[Stored data entries]

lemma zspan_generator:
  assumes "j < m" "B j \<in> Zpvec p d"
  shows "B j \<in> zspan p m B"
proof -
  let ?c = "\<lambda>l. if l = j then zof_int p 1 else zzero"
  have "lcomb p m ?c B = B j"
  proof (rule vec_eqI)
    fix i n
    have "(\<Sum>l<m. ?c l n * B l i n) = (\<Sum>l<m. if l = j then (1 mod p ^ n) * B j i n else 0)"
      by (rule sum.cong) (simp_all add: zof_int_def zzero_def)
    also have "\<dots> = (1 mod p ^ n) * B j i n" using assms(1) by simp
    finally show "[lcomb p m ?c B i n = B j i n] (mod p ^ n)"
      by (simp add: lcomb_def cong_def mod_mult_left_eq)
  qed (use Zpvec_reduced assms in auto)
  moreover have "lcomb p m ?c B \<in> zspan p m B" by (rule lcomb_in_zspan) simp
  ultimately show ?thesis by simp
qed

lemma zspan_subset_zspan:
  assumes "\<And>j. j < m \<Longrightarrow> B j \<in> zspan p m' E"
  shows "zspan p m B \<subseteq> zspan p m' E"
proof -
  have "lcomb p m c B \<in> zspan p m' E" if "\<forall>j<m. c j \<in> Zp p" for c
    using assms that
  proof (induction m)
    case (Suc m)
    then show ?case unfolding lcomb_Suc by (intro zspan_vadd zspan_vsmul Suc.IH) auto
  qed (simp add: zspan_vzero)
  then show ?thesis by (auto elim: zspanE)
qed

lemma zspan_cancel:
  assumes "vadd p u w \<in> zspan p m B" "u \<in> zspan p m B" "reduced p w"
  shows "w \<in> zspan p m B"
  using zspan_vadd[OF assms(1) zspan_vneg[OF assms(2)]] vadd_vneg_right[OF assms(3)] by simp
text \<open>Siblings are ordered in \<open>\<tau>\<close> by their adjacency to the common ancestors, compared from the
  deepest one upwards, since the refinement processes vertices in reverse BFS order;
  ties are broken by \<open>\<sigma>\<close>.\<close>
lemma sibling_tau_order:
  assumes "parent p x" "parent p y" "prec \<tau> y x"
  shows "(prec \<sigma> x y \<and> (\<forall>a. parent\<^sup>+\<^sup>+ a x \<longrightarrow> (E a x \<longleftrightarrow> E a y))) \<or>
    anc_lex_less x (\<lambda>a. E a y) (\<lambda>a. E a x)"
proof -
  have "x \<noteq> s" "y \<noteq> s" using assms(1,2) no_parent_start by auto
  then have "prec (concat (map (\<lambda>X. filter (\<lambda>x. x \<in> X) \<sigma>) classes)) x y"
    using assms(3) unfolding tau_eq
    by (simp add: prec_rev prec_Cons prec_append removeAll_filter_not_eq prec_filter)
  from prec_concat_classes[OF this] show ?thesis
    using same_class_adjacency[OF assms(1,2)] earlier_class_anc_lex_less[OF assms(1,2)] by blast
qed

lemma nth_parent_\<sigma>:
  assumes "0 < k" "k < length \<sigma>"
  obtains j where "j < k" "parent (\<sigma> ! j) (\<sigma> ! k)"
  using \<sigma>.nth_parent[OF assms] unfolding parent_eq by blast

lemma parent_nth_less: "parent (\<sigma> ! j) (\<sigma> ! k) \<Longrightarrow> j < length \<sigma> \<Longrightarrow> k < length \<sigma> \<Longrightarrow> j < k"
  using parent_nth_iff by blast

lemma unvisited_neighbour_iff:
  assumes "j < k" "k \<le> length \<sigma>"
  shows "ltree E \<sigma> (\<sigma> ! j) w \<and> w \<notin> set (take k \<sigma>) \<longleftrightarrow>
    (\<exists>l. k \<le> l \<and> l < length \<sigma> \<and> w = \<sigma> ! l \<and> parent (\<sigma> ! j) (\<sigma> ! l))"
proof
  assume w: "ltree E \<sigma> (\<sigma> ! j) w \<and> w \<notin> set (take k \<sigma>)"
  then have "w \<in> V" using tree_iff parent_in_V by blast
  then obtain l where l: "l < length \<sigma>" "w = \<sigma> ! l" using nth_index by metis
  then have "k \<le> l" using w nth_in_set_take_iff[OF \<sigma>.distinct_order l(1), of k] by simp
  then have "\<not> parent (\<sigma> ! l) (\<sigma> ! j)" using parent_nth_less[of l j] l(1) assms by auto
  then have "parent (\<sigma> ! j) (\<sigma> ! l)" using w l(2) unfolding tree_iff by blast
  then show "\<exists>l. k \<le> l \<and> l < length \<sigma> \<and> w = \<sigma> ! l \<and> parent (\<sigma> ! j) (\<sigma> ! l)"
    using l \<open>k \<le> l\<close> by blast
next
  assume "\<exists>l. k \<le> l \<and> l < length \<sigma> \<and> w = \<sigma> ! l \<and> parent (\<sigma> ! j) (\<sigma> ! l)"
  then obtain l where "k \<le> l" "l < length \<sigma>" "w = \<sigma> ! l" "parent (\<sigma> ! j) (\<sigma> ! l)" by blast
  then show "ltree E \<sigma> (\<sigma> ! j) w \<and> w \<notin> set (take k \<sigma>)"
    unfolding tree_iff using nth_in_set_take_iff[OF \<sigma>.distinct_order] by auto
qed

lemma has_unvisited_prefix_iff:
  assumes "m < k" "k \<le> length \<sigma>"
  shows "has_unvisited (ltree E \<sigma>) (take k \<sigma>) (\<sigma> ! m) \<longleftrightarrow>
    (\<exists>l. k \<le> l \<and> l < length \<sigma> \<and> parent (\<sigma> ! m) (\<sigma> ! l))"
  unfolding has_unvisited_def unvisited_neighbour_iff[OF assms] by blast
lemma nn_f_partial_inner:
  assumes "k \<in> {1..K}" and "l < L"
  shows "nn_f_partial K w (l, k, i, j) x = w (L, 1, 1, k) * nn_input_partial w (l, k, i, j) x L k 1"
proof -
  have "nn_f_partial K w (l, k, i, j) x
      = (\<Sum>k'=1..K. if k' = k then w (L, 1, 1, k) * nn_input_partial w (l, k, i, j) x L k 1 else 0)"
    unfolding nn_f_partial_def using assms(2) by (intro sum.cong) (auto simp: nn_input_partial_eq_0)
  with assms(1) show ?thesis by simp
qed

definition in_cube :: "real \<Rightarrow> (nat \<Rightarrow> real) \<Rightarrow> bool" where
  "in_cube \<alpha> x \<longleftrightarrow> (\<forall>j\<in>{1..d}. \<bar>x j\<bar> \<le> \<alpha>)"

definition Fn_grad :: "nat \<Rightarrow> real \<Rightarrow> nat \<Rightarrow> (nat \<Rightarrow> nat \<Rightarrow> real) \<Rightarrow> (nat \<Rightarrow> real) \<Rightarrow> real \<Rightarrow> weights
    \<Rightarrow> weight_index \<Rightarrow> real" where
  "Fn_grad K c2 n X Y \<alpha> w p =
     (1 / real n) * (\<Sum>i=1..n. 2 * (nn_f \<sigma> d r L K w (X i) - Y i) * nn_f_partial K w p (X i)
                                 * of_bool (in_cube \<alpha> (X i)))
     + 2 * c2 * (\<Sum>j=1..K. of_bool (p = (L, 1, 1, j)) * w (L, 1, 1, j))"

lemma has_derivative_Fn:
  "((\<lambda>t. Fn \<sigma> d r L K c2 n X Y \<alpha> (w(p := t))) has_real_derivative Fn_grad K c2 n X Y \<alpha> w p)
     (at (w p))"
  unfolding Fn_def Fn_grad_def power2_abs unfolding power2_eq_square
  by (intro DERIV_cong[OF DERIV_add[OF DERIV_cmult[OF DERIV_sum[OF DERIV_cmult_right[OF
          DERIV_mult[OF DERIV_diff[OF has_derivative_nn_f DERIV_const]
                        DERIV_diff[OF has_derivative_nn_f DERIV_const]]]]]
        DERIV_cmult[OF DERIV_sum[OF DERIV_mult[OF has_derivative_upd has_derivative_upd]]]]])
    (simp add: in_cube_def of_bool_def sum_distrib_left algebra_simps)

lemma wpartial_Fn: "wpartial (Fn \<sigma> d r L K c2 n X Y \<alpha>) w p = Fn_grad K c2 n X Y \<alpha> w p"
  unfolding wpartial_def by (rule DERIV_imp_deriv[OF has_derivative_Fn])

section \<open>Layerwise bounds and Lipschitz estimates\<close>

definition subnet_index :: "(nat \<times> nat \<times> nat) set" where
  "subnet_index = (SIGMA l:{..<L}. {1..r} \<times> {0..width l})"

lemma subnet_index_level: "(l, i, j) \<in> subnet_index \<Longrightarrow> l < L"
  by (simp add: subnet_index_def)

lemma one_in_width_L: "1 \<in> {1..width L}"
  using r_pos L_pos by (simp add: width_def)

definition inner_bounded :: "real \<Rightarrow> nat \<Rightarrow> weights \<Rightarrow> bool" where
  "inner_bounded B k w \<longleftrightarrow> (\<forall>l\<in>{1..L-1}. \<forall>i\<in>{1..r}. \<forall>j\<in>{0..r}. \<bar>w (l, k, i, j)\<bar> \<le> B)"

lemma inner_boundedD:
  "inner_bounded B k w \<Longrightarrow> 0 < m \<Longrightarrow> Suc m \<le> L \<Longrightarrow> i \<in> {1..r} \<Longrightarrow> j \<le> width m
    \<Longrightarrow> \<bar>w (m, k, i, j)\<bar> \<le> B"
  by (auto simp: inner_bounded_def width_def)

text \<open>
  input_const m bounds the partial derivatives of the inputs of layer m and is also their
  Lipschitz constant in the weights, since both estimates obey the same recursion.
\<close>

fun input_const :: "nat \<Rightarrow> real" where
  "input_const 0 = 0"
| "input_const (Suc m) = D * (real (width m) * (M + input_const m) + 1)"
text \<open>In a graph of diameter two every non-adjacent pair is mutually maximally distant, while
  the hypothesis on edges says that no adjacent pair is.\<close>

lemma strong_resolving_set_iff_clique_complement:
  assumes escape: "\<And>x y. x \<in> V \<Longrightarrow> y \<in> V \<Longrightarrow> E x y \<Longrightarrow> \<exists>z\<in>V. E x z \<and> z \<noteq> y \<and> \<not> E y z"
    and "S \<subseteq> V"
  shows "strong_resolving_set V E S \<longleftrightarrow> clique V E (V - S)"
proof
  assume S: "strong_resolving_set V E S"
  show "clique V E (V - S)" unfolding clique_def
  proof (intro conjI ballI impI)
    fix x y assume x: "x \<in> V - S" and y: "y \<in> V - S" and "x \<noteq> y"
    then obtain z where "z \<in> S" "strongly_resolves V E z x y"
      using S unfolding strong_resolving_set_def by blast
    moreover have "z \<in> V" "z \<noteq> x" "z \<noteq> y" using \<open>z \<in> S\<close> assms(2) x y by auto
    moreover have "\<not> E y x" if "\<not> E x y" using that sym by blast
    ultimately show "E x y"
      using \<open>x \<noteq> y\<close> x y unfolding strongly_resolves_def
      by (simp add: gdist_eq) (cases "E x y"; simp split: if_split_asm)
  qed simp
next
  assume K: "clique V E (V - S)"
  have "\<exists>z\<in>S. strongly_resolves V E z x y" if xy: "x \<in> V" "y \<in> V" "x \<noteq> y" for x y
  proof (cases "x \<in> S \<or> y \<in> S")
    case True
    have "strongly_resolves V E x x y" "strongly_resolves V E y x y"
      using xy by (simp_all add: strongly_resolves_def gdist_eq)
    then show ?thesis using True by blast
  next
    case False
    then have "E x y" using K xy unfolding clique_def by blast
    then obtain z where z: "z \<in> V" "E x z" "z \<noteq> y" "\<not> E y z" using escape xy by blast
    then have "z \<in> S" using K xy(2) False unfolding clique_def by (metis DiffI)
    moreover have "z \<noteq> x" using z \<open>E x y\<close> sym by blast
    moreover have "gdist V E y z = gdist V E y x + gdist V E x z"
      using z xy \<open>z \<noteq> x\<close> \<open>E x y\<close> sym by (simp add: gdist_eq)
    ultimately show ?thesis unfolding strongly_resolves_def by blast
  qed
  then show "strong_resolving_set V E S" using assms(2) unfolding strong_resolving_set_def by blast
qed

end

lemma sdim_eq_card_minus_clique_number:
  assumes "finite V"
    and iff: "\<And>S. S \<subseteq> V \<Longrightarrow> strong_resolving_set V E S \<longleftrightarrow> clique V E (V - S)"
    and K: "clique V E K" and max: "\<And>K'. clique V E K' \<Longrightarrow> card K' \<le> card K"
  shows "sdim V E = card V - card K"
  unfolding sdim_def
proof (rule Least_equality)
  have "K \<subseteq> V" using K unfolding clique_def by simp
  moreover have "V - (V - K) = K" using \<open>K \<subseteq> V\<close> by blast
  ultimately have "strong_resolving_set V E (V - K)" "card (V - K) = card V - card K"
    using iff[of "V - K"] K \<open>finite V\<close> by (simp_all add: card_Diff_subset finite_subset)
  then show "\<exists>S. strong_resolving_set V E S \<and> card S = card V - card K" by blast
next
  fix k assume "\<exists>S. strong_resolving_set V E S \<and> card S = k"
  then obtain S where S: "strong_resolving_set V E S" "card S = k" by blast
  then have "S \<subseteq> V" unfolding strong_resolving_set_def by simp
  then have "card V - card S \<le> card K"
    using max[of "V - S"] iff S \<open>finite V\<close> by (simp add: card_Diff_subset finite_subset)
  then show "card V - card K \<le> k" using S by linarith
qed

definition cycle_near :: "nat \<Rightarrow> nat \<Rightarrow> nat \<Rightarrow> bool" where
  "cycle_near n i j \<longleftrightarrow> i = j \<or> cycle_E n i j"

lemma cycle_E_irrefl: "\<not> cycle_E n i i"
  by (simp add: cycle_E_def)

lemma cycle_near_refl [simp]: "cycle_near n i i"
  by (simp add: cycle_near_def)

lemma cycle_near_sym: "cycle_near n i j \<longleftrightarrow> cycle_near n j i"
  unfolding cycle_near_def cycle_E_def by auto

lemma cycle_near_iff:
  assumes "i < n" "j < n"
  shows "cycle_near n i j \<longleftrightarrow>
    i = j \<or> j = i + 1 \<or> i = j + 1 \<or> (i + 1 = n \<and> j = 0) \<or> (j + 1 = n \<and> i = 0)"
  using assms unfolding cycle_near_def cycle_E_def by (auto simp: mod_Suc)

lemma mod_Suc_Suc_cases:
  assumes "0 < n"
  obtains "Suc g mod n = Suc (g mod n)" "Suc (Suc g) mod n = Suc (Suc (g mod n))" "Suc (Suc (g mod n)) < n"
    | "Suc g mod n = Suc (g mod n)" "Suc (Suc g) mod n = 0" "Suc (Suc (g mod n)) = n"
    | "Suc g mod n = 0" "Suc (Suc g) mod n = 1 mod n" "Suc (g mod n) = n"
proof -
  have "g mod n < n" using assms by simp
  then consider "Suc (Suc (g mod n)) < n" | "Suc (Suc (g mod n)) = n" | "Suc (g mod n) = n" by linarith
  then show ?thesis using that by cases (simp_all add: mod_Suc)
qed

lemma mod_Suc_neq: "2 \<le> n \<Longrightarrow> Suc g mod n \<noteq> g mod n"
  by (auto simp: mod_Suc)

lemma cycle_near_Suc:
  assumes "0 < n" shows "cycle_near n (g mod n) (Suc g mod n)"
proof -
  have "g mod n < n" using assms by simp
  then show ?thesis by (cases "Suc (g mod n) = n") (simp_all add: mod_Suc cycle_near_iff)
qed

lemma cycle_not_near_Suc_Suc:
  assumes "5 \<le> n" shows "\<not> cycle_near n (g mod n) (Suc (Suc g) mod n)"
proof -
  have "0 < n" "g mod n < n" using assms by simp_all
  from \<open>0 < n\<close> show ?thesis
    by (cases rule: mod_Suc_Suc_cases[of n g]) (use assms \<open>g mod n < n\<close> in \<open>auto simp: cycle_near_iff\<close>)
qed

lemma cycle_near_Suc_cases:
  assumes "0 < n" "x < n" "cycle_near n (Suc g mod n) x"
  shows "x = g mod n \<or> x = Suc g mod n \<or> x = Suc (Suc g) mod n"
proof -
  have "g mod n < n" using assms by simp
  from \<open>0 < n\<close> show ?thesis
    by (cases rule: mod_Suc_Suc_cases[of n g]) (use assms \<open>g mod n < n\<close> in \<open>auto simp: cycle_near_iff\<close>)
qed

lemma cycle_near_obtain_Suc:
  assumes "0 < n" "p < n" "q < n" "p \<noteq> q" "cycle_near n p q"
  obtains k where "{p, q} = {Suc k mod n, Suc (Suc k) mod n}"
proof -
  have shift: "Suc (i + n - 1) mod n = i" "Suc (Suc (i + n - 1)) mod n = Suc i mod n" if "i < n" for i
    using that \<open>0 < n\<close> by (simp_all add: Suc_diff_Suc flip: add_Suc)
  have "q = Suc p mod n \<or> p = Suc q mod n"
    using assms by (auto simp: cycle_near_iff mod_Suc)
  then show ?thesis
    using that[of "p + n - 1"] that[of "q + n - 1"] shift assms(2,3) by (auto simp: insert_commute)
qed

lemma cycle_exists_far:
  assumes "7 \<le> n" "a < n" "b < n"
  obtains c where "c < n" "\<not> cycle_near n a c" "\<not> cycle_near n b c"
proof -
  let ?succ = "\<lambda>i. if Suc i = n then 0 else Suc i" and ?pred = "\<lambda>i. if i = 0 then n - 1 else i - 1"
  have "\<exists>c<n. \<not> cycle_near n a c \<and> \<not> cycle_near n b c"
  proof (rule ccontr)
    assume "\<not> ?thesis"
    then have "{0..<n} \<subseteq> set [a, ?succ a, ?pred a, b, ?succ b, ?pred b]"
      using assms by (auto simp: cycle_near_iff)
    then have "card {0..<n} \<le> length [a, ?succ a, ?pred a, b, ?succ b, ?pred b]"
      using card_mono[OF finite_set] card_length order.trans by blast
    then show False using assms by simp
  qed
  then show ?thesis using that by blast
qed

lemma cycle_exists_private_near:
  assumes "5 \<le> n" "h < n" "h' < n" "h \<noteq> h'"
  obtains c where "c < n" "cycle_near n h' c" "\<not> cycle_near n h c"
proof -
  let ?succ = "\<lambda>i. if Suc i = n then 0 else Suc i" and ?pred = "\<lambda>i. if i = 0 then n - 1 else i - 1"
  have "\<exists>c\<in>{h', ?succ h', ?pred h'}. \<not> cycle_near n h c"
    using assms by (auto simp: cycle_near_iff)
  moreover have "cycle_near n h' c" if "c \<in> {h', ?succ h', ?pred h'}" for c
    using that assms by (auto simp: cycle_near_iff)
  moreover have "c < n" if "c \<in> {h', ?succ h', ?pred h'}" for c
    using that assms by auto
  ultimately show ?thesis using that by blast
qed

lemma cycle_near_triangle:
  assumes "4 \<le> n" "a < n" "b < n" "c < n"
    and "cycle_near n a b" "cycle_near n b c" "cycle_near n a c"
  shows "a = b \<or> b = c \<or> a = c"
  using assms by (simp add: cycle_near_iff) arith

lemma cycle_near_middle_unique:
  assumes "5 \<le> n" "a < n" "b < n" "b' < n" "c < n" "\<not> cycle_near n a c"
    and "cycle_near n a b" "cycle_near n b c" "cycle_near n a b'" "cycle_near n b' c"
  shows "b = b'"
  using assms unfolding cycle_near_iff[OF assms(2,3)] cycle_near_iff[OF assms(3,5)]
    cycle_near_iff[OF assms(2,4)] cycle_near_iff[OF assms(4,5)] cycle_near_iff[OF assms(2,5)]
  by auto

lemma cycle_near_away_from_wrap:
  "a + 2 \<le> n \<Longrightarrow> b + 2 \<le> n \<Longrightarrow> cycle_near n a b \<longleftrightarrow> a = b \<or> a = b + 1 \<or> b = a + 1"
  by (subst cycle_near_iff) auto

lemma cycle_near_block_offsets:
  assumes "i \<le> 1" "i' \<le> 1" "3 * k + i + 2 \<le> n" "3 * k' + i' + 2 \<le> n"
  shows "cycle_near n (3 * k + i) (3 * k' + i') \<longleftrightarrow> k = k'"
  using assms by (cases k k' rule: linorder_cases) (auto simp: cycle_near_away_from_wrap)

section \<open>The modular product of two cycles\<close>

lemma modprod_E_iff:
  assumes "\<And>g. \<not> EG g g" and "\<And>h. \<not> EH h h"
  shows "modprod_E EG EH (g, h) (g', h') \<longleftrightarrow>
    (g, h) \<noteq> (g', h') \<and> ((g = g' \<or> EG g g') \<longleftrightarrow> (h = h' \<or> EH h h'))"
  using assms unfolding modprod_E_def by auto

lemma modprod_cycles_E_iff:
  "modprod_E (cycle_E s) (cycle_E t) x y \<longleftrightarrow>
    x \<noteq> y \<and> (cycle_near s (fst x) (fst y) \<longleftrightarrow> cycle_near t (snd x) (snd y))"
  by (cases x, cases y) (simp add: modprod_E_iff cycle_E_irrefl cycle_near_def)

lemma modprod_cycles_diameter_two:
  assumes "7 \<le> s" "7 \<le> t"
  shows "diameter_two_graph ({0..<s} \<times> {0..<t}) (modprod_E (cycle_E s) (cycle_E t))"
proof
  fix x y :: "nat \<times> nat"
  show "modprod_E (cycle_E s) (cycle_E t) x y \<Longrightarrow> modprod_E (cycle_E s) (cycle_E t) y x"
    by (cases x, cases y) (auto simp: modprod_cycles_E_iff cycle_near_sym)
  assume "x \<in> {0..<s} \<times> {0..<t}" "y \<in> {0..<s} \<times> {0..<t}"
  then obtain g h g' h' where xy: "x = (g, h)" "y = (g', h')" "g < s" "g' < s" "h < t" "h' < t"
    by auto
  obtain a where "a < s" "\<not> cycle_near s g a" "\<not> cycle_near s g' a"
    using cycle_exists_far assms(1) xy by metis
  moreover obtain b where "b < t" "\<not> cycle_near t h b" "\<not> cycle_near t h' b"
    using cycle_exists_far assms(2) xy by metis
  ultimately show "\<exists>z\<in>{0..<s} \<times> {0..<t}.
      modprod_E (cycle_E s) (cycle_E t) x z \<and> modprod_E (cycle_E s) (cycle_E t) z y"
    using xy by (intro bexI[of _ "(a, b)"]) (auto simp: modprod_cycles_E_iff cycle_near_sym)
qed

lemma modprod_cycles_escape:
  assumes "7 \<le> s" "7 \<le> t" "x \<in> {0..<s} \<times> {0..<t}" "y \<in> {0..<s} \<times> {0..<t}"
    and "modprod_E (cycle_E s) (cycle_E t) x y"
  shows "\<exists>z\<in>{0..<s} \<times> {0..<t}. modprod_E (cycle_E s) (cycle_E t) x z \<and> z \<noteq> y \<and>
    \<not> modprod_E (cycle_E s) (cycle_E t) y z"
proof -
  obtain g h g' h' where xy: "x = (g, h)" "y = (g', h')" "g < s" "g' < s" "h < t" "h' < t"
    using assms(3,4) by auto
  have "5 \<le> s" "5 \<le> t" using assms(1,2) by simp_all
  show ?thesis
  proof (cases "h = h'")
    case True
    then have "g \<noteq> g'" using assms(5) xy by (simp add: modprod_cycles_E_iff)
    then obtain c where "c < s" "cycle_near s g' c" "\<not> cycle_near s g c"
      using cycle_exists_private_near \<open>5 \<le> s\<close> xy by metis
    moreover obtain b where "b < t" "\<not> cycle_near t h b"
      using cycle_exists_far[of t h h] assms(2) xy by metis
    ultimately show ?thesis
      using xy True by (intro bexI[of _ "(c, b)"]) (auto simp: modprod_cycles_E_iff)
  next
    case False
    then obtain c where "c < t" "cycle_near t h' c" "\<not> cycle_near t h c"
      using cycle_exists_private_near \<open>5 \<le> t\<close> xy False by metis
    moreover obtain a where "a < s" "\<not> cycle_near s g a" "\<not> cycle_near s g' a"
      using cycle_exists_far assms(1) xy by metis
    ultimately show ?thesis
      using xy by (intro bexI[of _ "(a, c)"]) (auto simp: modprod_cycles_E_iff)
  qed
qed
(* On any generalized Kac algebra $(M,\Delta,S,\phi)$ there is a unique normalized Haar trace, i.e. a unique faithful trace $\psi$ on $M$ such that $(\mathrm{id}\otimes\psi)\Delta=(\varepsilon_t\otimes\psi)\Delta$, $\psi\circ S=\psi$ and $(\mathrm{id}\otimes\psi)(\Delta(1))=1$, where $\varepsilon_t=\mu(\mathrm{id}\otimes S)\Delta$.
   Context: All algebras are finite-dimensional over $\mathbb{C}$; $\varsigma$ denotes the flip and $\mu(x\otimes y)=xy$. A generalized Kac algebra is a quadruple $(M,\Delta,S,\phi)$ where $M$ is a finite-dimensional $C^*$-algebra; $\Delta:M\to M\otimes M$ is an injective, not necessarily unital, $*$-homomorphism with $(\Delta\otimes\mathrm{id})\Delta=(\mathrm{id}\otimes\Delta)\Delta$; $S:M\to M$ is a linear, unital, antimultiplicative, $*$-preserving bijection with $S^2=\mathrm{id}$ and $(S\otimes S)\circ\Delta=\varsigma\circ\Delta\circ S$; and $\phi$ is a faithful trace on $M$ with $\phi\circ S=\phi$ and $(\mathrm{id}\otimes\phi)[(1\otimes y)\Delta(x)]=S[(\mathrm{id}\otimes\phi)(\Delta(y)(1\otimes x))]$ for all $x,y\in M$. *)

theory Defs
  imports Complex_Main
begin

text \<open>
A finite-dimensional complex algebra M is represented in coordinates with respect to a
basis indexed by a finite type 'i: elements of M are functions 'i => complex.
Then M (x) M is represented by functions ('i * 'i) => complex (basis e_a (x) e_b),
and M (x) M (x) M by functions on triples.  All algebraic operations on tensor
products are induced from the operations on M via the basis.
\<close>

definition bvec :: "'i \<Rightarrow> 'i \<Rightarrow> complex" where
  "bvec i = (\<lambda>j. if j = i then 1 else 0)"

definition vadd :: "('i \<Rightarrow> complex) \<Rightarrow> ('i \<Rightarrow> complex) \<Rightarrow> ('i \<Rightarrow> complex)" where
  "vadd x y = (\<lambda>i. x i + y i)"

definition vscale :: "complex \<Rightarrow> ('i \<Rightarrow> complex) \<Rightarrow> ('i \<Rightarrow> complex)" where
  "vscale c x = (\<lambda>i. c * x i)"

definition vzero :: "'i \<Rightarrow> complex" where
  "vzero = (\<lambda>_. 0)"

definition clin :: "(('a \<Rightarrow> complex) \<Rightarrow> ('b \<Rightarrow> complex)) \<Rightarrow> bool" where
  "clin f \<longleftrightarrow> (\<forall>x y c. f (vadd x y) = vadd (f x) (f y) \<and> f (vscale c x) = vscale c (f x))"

• WHAT YOU WILL DO: Repeat the entries above verbatim, but only from the line that has "S \<or> y \<in>" down to the line that has "by (metis DiffI)", inclusive.

• EXERCISE RESPONSE:
  proof (cases "x \<in> S \<or> y \<in> S")
    case True
    have "strongly_resolves V E x x y" "strongly_resolves V E y x y"
      using xy by (simp_all add: strongly_resolves_def gdist_eq)
    then show ?thesis using True by blast
  next
    case False
    then have "E x y" using K xy unfolding clique_def by blast
    then obtain z where z: "z \<in> V" "E x z" "z \<noteq> y" "\<not> E y z" using escape xy by blast
    then have "z \<in> S" using K xy(2) False unfolding clique_def by (metis DiffI)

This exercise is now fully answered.